Сам себе был гадок способностью так хладнокровно размышлять и заниматься ерундой, даже галстук поправлять перед зеркалом, помнить о том, что дверь следует запереть на ключ. Спугнутый чокидар вскочил со ступенек веранды, принял стойку «смирно», левая ладонь брезжила огоньком припрятанной папиросы. Девушка, как звереныш, прижалась к балюстраде, растворилась в кипени вьющихся растений, чтобы ее не заметили. Иштван сделал вид, что не замечает, хоть и прекрасно знал, что они перед тем сидели обнявшись. Он не завидовал, он потакал их счастью, которое опять же только благодаря нему вновь обрело будущность.
Вывел машину из гаража. Вел, словно бесчувственный, правил безотчетно, словно спал за рулем. Вошел в холл. За стойкой портье его узнали. Да, мисс Уорд потребовала счет, собирается уезжать. Из конторы «Эйр Индиа» ей доставили билет. Записано разбудить ее в пять, в шесть утра у нее самолет на Бомбей. Сейчас она наверху. И только что попросила не соединять, если позвонят из города. Все-то они знают. Знают больше, чем он. Он заколебался, успокоенный такой распорядительностью, которая говорила… Но ведь это может нахлынуть вдруг, вдруг все эти поступки, приготовления к бегству окажутся ни к чему. Пойти наверх у него не хватило духу. Прислуга бесцеремонно пялила глаза, их тут столько раз видели вместе. Торчать в ярко освещенном холле было невыносимо. Громоздкий барабан с диапозитивами: красные крепостные стены Фатехпур Сикри, беломраморные тюльпаны мавзолея Тадж Махал, голубое море, мирно наклоненные, похожие на птичьи шеи пальмы, — снимки напоминали о местах, где он был вместе с Маргит, он отвел глаза, но, хоть веки сомкни, эти виды представали только с еще большей наглядностью. Он сбежал в машину, прижался в уголку. Было чувство, что он все же рядом. Стоит на часах всего в каком-то шаге от нее.
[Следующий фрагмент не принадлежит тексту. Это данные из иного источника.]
section \<open>Entropy\<close>

lemma entropy2_le_log_card:
  fixes p :: "'a pmf"
  assumes fin: "finite (set_pmf p)"
  shows "entropy2 p \<le> log 2 (real (card (set_pmf p)))"
proof -
  let ?S = "set_pmf p"
  let ?n = "real (card ?S)"
  have npos: "?n > 0" using fin set_pmf_not_empty by (simp add: card_gt_0_iff)
  have sum1: "(\<Sum>x\<in>?S. pmf p x) = 1" using sum_pmf_eq_1[OF fin] by simp
  have key: "- pmf p x * ln (pmf p x) - pmf p x * ln ?n \<le> 1 / ?n - pmf p x" if x: "x \<in> ?S" for x
  proof -
    have px: "pmf p x > 0" using x by (simp add: pmf_positive)
    have "pmf p x * ln (1 / (pmf p x * ?n)) \<le> pmf p x * (1 / (pmf p x * ?n) - 1)"
      using px npos by (intro mult_left_mono ln_le_minus_one) simp_all
    moreover have "ln (1 / (pmf p x * ?n)) = - ln (pmf p x) - ln ?n"
      using px npos by (simp add: ln_div ln_mult)
    moreover have "pmf p x * (1 / (pmf p x * ?n) - 1) = 1 / ?n - pmf p x"
      using px npos by (simp add: field_simps)
    ultimately show ?thesis by (simp add: algebra_simps)
  qed
  have "(\<Sum>x\<in>?S. - pmf p x * ln (pmf p x) - pmf p x * ln ?n) \<le> (\<Sum>x\<in>?S. 1 / ?n - pmf p x)"
    by (rule sum_mono) (rule key)
  also have "\<dots> = 0" using sum1 npos by (simp add: sum_subtractf)
  finally have "(\<Sum>x\<in>?S. - pmf p x * ln (pmf p x)) \<le> ln ?n"
    using sum1 by (simp add: sum_subtractf sum_distrib_right[symmetric])
  then have "(\<Sum>x\<in>?S. - pmf p x * ln (pmf p x)) / ln 2 \<le> ln ?n / ln 2"
    by (simp add: divide_right_mono)
  then show ?thesis
    unfolding entropy2_def log_def by (simp add: sum_divide_distrib)
qed

lemma entropy2_term_nonneg: "0 \<le> - pmf p x * log 2 (pmf p x)"
proof (cases "pmf p x = 0")
  case False
  then have "0 < pmf p x" using pmf_nonneg[of p x] by linarith
  moreover have "log 2 (pmf p x) \<le> 0" using calculation pmf_le_1[of p x] by simp
  ultimately show ?thesis by (simp add: mult_nonneg_nonpos)
qed simp

lemma entropy2_nonneg: "0 \<le> entropy2 p"
  unfolding entropy2_def by (intro sum_nonneg entropy2_term_nonneg)

lemma entropy2_pos:
  assumes fin: "finite (set_pmf p)" and x: "x \<in> set_pmf p" and y: "y \<in> set_pmf p" and "x \<noteq> y"
  shows "0 < entropy2 p"
  unfolding entropy2_def
proof (rule sum_pos2[OF fin x])
  have px: "pmf p x > 0" "pmf p y > 0" using x y by (simp_all add: pmf_positive)
  have "(\<Sum>z\<in>{x,y}. pmf p z) \<le> 1"
    using measure_pmf.prob_le_1[of p "{x,y}"] by (simp add: measure_measure_pmf_finite)
  then have "log 2 (pmf p x) < 0" using px \<open>x \<noteq> y\<close> by simp
  then show "0 < - pmf p x * log 2 (pmf p x)" using px by (simp add: mult_pos_neg)
qed (rule entropy2_term_nonneg)

lemma map_pmf_of_set_involution:
  assumes "finite A" "A \<noteq> {}" "\<And>x. x \<in> A \<Longrightarrow> f x \<in> A" "\<And>x. x \<in> A \<Longrightarrow> f (f x) = x"
  shows "map_pmf f (pmf_of_set A) = pmf_of_set A"
proof -
  have "inj_on f A" by (metis inj_onI assms(4))
  moreover have "f ` A = A" using assms(3,4) by (metis image_subset_iff subsetI subset_antisym image_eqI)
  ultimately show ?thesis using map_pmf_of_set_inj[OF _ assms(2,1)] by metis
qed

lemma pir_capacity_ge_rate:
  assumes "pir_scheme N E r L Qd Ans Dec" "0 < L"
  shows "ereal (pir_rate N E r L Qd Ans) \<le> pir_capacity N E r"
  unfolding pir_capacity_def using assms by (intro Sup_upper) blast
Наблюдал за окнами, одни желто или розово загорались, другие гасли. Наконец, сообразил, что ищет окно ее прежнего номера, а она-то теперь в другом, а в каком именно, он не знает. «Должна же она почувствовать, что я здесь». А вдруг она сейчас звонит ему и звонит, а он, хоть и рядом, но глух в жестяной коробке автомобиля под грудой древесных теней. В мерцающем свете фонарей возникали, исчезали кучки прохожих мужчин. За двумя англичанами шаг в шаг плелся индиец в огромном тюрбане и бормотал заклинания, мол, нынче удивительно удачный день для предсказаний, звезды являют тайны судеб, но англичане и так знали, что их ждет, им было довольно того, что сами себе могли уверенно напророчить. Потеряв надежду, ворожея побрел прочь от подъезда гостиницы, по пути заглянул к Иштвану, тихо окликнул: «Сааб», но, видя, что глаза у Иштвана закрыты, будить не осмелился и, разочарованный, поплелся дальше.
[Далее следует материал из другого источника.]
theorem lemma5p2:
  fixes d :: nat
  assumes "d \<ge> 1"
  defines "X \<equiv> (level d 0 \<union> level d d) - {(0, replicate d True), (d, replicate d True)}"
  shows "mutual_visibility_set (BF_V d) (BF_E d) X \<and> 2 ^ (d + 1) - 2 \<le> mu (BF_V d) (BF_E d)"
proof -
  have X: "X = BF_ends d" by (simp add: X_def BF_ends_def)
  have "card (BF_ends d) \<le> mu (BF_V d) (BF_E d)"
    using card_le_mu[OF finite_BF_V mutual_visibility_set_BF_ends] .
  then show ?thesis
    using X mutual_visibility_set_BF_ends card_BF_ends[OF assms(1)] by simp
qed

end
Ходу событий свойственна безошибочность, по нему прослеживается логика связей. Даже Грейс. Грейс только ускорила…
Только ли ради Маргит его занесло в Индию? Да, именно ради этого испытания он родился, долгие годы созревал. С разных концов мира они спешили друг другу навстречу, безошибочно направляемые, чтобы… Так должно было случиться. Любой другой выбор был бы отрицанием истины. Понимал ли он с самого начала, как должен будет поступить, только не хотел себе в этом признаться, мешкал, старался оттянуть последний час? Ведь не в ту минуту, когда он выдавил: «Нет, не хочу», а раньше, гораздо раньше он вынес приговор ей и себе. И шел к этому решению в муках, противясь, подталкиваемый шаг за шагом.
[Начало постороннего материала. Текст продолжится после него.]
(* Let $\mathcal G$ be a core network with input nodes $\iota_1,\dots,\iota_n$ and output node $o$, fix $m$, and let $\mathcal D_m$ be the vestigial subnetwork with respect to $\iota_m$ (assumed nonempty). Let $D_{m,j}$ be one of the diagonal blocks of the Frobenius–König normal form of $J_{\mathcal D_m}$ and let $\mathcal D_{m,j}$ be the subnetwork of $\mathcal D_m$ associated to $D_{m,j}$. Then: (a) nodes in $\mathcal D_{m,j}$ are not $\mathcal D_m$-path equivalent to any node in $\mathcal D_m\setminus\mathcal D_{m,j}$; (b) $\mathcal D_{m,j}$ is a path component of $\mathcal D_m$.
   Context: Setting: $\mathcal G$ is a finite directed graph with input nodes $\iota_1,\dots,\iota_n$ and output node $o$; node $b$ is downstream from $a$ (and $a$ upstream from $b$) if there is a directed path from $a$ to $b$ (every node is up/downstream from itself). $\mathcal G$ is a core network if every node is upstream from $o$ and downstream from at least one input node. $\mathcal G_m$ is the subnetwork of nodes downstream from $\iota_m$ and upstream from $o$; the vestigial subnetwork $\mathcal D_m$ consists of the nodes of $\mathcal G$ not in $\mathcal G_m$ (i.e. not downstream from $\iota_m$) with all arrows of $\mathcal G$ between them. Each node $j$ carries a function $f_j$ and the partial derivatives $f_{j,x_\ell}$, one for each arrow $\ell\to j$ and one self-coupling $f_{j,x_j}$ for every node, are regarded as independent indeterminates; for a set of nodes $\mathcal K$, $J_{\mathcal K}=(f_{j,x_\ell})_{j,\ell\in\mathcal K}$ (entries $0$ where there is no arrow). By Frobenius–König theory there are permutation matrices $P_m,Q_m$ with $P_mJ_{\mathcal D_m}Q_m$ block upper triangular with square fully indecomposable diagonal blocks $D_{m,1},\dots,D_{m,n_m}$, each with irreducible determinant. Each block $D_{m,j}$ of order $k_j$ contains exactly $k_j$ self-couplings, and after permuting rows and columns it equals $J_{\mathcal D_{m,j}}$ for the set $\mathcal D_{m,j}$ of nodes indexing its rows; $\mathcal D_{m,j}$ (with all arrows between its nodes) is the subnetwork associated to $D_{m,j}$. For a subnetwork $\mathcal K$, nodes $a,b$ are $\mathcal K$-path equivalent if there are directed paths within $\mathcal K$ from $a$ to $b$ and from $b$ to $a$; a $\mathcal K$-path component is an equivalence class. *)

theory Defs
  imports Main
begin

text \<open>A network: finite node set V, arrows E as pairs (source, target).
  Node b is downstream from a iff (a,b) is in the reflexive transitive closure of E.\<close>

definition core_network ::
  "'a set \<Rightarrow> ('a \<times> 'a) set \<Rightarrow> (nat \<Rightarrow> 'a) \<Rightarrow> nat \<Rightarrow> 'a \<Rightarrow> bool" where
  "core_network V E inp n out \<longleftrightarrow>
     finite V \<and> E \<subseteq> V \<times> V \<and> out \<in> V \<and> (\<forall>i\<in>{1..n}. inp i \<in> V) \<and>
     (\<forall>v\<in>V. (v, out) \<in> E\<^sup>* \<and> (\<exists>i\<in>{1..n}. (inp i, v) \<in> E\<^sup>*))"

definition sub_G :: "'a set \<Rightarrow> ('a \<times> 'a) set \<Rightarrow> (nat \<Rightarrow> 'a) \<Rightarrow> 'a \<Rightarrow> nat \<Rightarrow> 'a set" where
  "sub_G V E inp out m = {v \<in> V. (inp m, v) \<in> E\<^sup>* \<and> (v, out) \<in> E\<^sup>*}"

text \<open>Vestigial subnetwork D_m (its arrows are all arrows of E between its nodes).\<close>
definition vestigial :: "'a set \<Rightarrow> ('a \<times> 'a) set \<Rightarrow> (nat \<Rightarrow> 'a) \<Rightarrow> 'a \<Rightarrow> nat \<Rightarrow> 'a set" where
  "vestigial V E inp out m = V - sub_G V E inp out m"

definition restr :: "('a \<times> 'a) set \<Rightarrow> 'a set \<Rightarrow> ('a \<times> 'a) set" where
  "restr E K = E \<inter> (K \<times> K)"

definition path_equiv :: "('a \<times> 'a) set \<Rightarrow> 'a set \<Rightarrow> 'a \<Rightarrow> 'a \<Rightarrow> bool" where
  "path_equiv E K a b \<longleftrightarrow> a \<in> K \<and> b \<in> K \<and> (a, b) \<in> (restr E K)\<^sup>* \<and> (b, a) \<in> (restr E K)\<^sup>*"

definition path_component :: "('a \<times> 'a) set \<Rightarrow> 'a set \<Rightarrow> 'a set \<Rightarrow> bool" where
  "path_component E K C \<longleftrightarrow> (\<exists>a\<in>K. C = {b. path_equiv E K a b})"

text \<open>Nonzero pattern of the Jacobian J_K: the entry in row a, column b is the
  indeterminate f_{a,x_b}, present iff a = b (self-coupling) or there is an arrow b -> a.
  Since the entries are independent indeterminates, zero/nonzero is exactly this pattern.\<close>
definition jac_nz :: "('a \<times> 'a) set \<Rightarrow> 'a set \<Rightarrow> 'a \<Rightarrow> 'a \<Rightarrow> bool" where
  "jac_nz E K a b \<longleftrightarrow> a \<in> K \<and> b \<in> K \<and> (a = b \<or> (b, a) \<in> E)"

definition fully_indecomposable :: "nat \<Rightarrow> (nat \<Rightarrow> nat \<Rightarrow> bool) \<Rightarrow> bool" where
  "fully_indecomposable k Z \<longleftrightarrow> k \<ge> 1 \<and> (k = 1 \<longrightarrow> Z 0 0) \<and>
     (\<forall>S T. S \<subseteq> {..<k} \<and> T \<subseteq> {..<k} \<and> S \<noteq> {} \<and> T \<noteq> {} \<and> card S + card T = k
        \<longrightarrow> (\<exists>r\<in>S. \<exists>c\<in>T. Z r c))"

text \<open>Frobenius-Koenig normal form of J_K: the permutation matrices P, Q are encoded by
  bijections sig, tau : {0..<card K} -> K (row r of P J Q is row sig r of J, column c is
  column tau c of J); the diagonal blocks are rows/columns bd i ..< bd (Suc i), i < p.
  Block upper triangular: a nonzero entry in block row i, block column i' has i \<le> i'.\<close>
definition FK_normal_form ::
  "('a \<times> 'a) set \<Rightarrow> 'a set \<Rightarrow> (nat \<Rightarrow> 'a) \<Rightarrow> (nat \<Rightarrow> 'a) \<Rightarrow> nat \<Rightarrow> (nat \<Rightarrow> nat) \<Rightarrow> bool" where
  "FK_normal_form E K sig tau p bd \<longleftrightarrow>
     bij_betw sig {..<card K} K \<and> bij_betw tau {..<card K} K \<and>
     bd 0 = 0 \<and> bd p = card K \<and> (\<forall>i<p. bd i < bd (Suc i)) \<and>
     (\<forall>i<p. \<forall>i'<p. \<forall>r\<in>{bd i..<bd (Suc i)}. \<forall>c\<in>{bd i'..<bd (Suc i')}.
         jac_nz E K (sig r) (tau c) \<longrightarrow> i \<le> i') \<and>
     (\<forall>i<p. fully_indecomposable (bd (Suc i) - bd i)
              (\<lambda>r c. jac_nz E K (sig (bd i + r)) (tau (bd i + c))))"

definition FK_block_nodes :: "(nat \<Rightarrow> 'a) \<Rightarrow> (nat \<Rightarrow> nat) \<Rightarrow> nat \<Rightarrow> 'a set" where
  "FK_block_nodes sig bd j = sig ` {bd j..<bd (Suc j)}"

end

theory Submission
  imports Defs
begin

text \<open>Every node carries a self-coupling, so by block triangularity a node indexing a column
  of the first \<open>t\<close> diagonal blocks also indexes one of their rows; counting shows that the
  rows and the columns of the first \<open>t\<close> blocks are indexed by the same nodes. An arrow
  \<open>b \<rightarrow> a\<close> is a nonzero entry in row \<open>a\<close>, column \<open>b\<close>, so these leading node sets are
  closed under arrows: a path never returns from the leading blocks to a later block, which
  separates the blocks. Inside a diagonal block, full indecomposability says that every proper
  nonempty set of its nodes has an arrow leaving it into the block, so the block is strongly
  connected.\<close>

lemma segment_containing:
  fixes bd :: "nat \<Rightarrow> 'b::linorder"
  assumes "bd 0 \<le> r" "r < bd p"
  obtains i where "i < p" "bd i \<le> r" "r < bd (Suc i)"
  using assms(2)
proof (induction p)
  case (Suc p)
  show ?case
  proof (cases "r < bd p")
    case True
    then show ?thesis using Suc.IH Suc.prems(1) less_SucI by blast
  next
    case False
    then show ?thesis using Suc.prems by (meson lessI not_less)
  qed
qed (use assms(1) in simp)

lemma image_shift_lessThan:
  fixes a b :: nat
  shows "(\<lambda>r. f (a + r)) ` {..<b - a} = f ` {a..<b}"
proof -
  have "(+) a ` {..<b - a} = {a..<b}"
    by (cases "a \<le> b") (auto simp: lessThan_atLeast0)
  then show ?thesis by (metis image_image)
qed

lemma inj_on_shift_lessThan:
  fixes a b n :: nat
  assumes "inj_on f {..<n}" "b \<le> n"
  shows "inj_on (\<lambda>r. f (a + r)) {..<b - a}"
proof -
  have "(+) a ` {..<b - a} \<subseteq> {..<n}" using assms(2) by auto
  then show ?thesis
    using comp_inj_on[of "(+) a" "{..<b - a}" f] inj_on_subset[OF assms(1)] by (simp add: o_def)
qed

lemma fully_indecomposable_crossing:
  assumes FI: "fully_indecomposable k (\<lambda>r c. R (f r) (g c))"
    and f: "inj_on f {..<k}" "f ` {..<k} = B"
    and g: "inj_on g {..<k}" "g ` {..<k} = B"
    and X: "X \<subseteq> B" "X \<noteq> {}" "X \<noteq> B"
  shows "\<exists>y\<in>B - X. \<exists>x\<in>X. R y x"
proof -
  define S where "S = {r \<in> {..<k}. f r \<in> B - X}"
  define T where "T = {c \<in> {..<k}. g c \<in> X}"
  have S_T: "S \<subseteq> {..<k}" "T \<subseteq> {..<k}" by (auto simp: S_def T_def)
  have S_img: "f ` S = B - X" and T_img: "g ` T = X"
    using f(2) g(2) X(1) by (auto simp: S_def T_def)
  then have "S \<noteq> {}" "T \<noteq> {}" using X by auto
  moreover have "card S = card (B - X)"
    using S_img card_image[OF inj_on_subset[OF f(1) S_T(1)]] by simp
  moreover have "card T = card X"
    using T_img card_image[OF inj_on_subset[OF g(1) S_T(2)]] by simp
  moreover have "card (B - X) + card X = k"
  proof -
    have "finite B" "card B = k" using f card_image[OF f(1)] by auto
    moreover have "finite X" using \<open>finite B\<close> X(1) finite_subset by blast
    ultimately show ?thesis
      using card_Diff_subset[OF \<open>finite X\<close> X(1)] card_mono[OF \<open>finite B\<close> X(1)] by simp
  qed
  ultimately have "\<exists>r\<in>S. \<exists>c\<in>T. R (f r) (g c)"
    using FI S_T unfolding fully_indecomposable_def by simp
  then obtain r c where "r \<in> S" "c \<in> T" "R (f r) (g c)" by blast
  then show ?thesis by (auto simp: S_def T_def)
qed

lemma subset_reachable_if_crossing:
  assumes "a \<in> B"
    and crossing: "\<And>X. X \<subseteq> B \<Longrightarrow> X \<noteq> {} \<Longrightarrow> X \<noteq> B \<Longrightarrow> \<exists>x\<in>X. \<exists>y\<in>B - X. (x, y) \<in> R"
  shows "B \<subseteq> R\<^sup>* `` {a}"
proof (rule ccontr)
  let ?X = "B \<inter> R\<^sup>* `` {a}"
  assume "\<not> B \<subseteq> R\<^sup>* `` {a}"
  then have "?X \<noteq> B" by blast
  moreover have "?X \<noteq> {}" using \<open>a \<in> B\<close> by blast
  ultimately obtain x y where "x \<in> ?X" "y \<in> B - ?X" "(x, y) \<in> R"
    using crossing[of ?X] by blast
  then show False by (blast intro: rtrancl_into_rtrancl)
qed

locale FK_form =
  fixes E :: "('a \<times> 'a) set" and K :: "'a set"
    and sig tau :: "nat \<Rightarrow> 'a" and p :: nat and bd :: "nat \<Rightarrow> nat"
  assumes FK: "FK_normal_form E K sig tau p bd"
begin

lemma sig_inj: "inj_on sig {..<card K}" and sig_image: "sig ` {..<card K} = K"
  and tau_inj: "inj_on tau {..<card K}" and tau_image: "tau ` {..<card K} = K"
  and bd_0: "bd 0 = 0"
  and bd_p: "bd p = card K"
  and bd_step: "i < p \<Longrightarrow> bd i < bd (Suc i)"
  and block_triangular: "\<lbrakk>i < p; i' < p; r \<in> {bd i..<bd (Suc i)}; c \<in> {bd i'..<bd (Suc i')};
      jac_nz E K (sig r) (tau c)\<rbrakk> \<Longrightarrow> i \<le> i'"
  and diagonal_block_indecomposable: "i < p \<Longrightarrow> fully_indecomposable (bd (Suc i) - bd i)
      (\<lambda>r c. jac_nz E K (sig (bd i + r)) (tau (bd i + c)))"
  using FK unfolding FK_normal_form_def bij_betw_def by blast+

lemma bd_mono: "i \<le> i' \<Longrightarrow> i' \<le> p \<Longrightarrow> bd i \<le> bd i'"
  by (rule lift_Suc_mono_le_ivl[where N = "{..<p}"]) (auto intro: less_imp_le bd_step)

lemma bd_le_card: "t \<le> p \<Longrightarrow> bd t \<le> card K"
  using bd_mono[of t p] bd_p by simp

lemma nonzero_row_in_prefix:
  assumes "t \<le> p" "r < card K" "c < bd t" "jac_nz E K (sig r) (tau c)"
  shows "r < bd t"
proof -
  have "bd 0 \<le> r" "r < bd p" using assms(2) bd_0 bd_p by simp_all
  then obtain i where i: "i < p" "bd i \<le> r" "r < bd (Suc i)" by (rule segment_containing)
  have "bd 0 \<le> c" "c < bd p" using assms(1,3) bd_0 bd_mono[of t p] by simp_all
  then obtain i' where i': "i' < p" "bd i' \<le> c" "c < bd (Suc i')" by (rule segment_containing)
  have "i \<le> i'" using block_triangular[OF i(1) i'(1) _ _ assms(4)] i i' by simp
  moreover have "i' < t"
  proof (rule ccontr)
    assume "\<not> i' < t"
    then have "bd t \<le> bd i'" using bd_mono i'(1) by simp
    then show False using i'(2) assms(3) by simp
  qed
  ultimately have "bd (Suc i) \<le> bd t" using bd_mono assms(1) by simp
  then show ?thesis using i by simp
qed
— Зачем приехал? — это был шепот Маргит, показалось, что длится сон.
— Я должен был быть рядом.
Горько дернулись губы — тень, воспоминание об улыбке.
— Ты что, боялся, что…
— Да.
— Так твой приезд — это забота обо мне или забота, о себе?
В полумраке бульвара ее высвеченные лучом фонаря волосы блеснули, как, медь, лица не было видно. Он открыл дверцу, она помешкала, сгорбилась и села в машину, не глядя на него. Ее взгляд был устремлен куда-то в конец бульвара, где сливались в линию деревья, перемежаемые зелеными огоньками ламп.
— Это было бы проще всего, — сказала она, наконец. — А то куда мне себя деть?.. Ты у меня все отобрал.
И смолкла, словно от смертельной усталости.
И вдруг вскинула голову, и глаза их встретились в зеркальце.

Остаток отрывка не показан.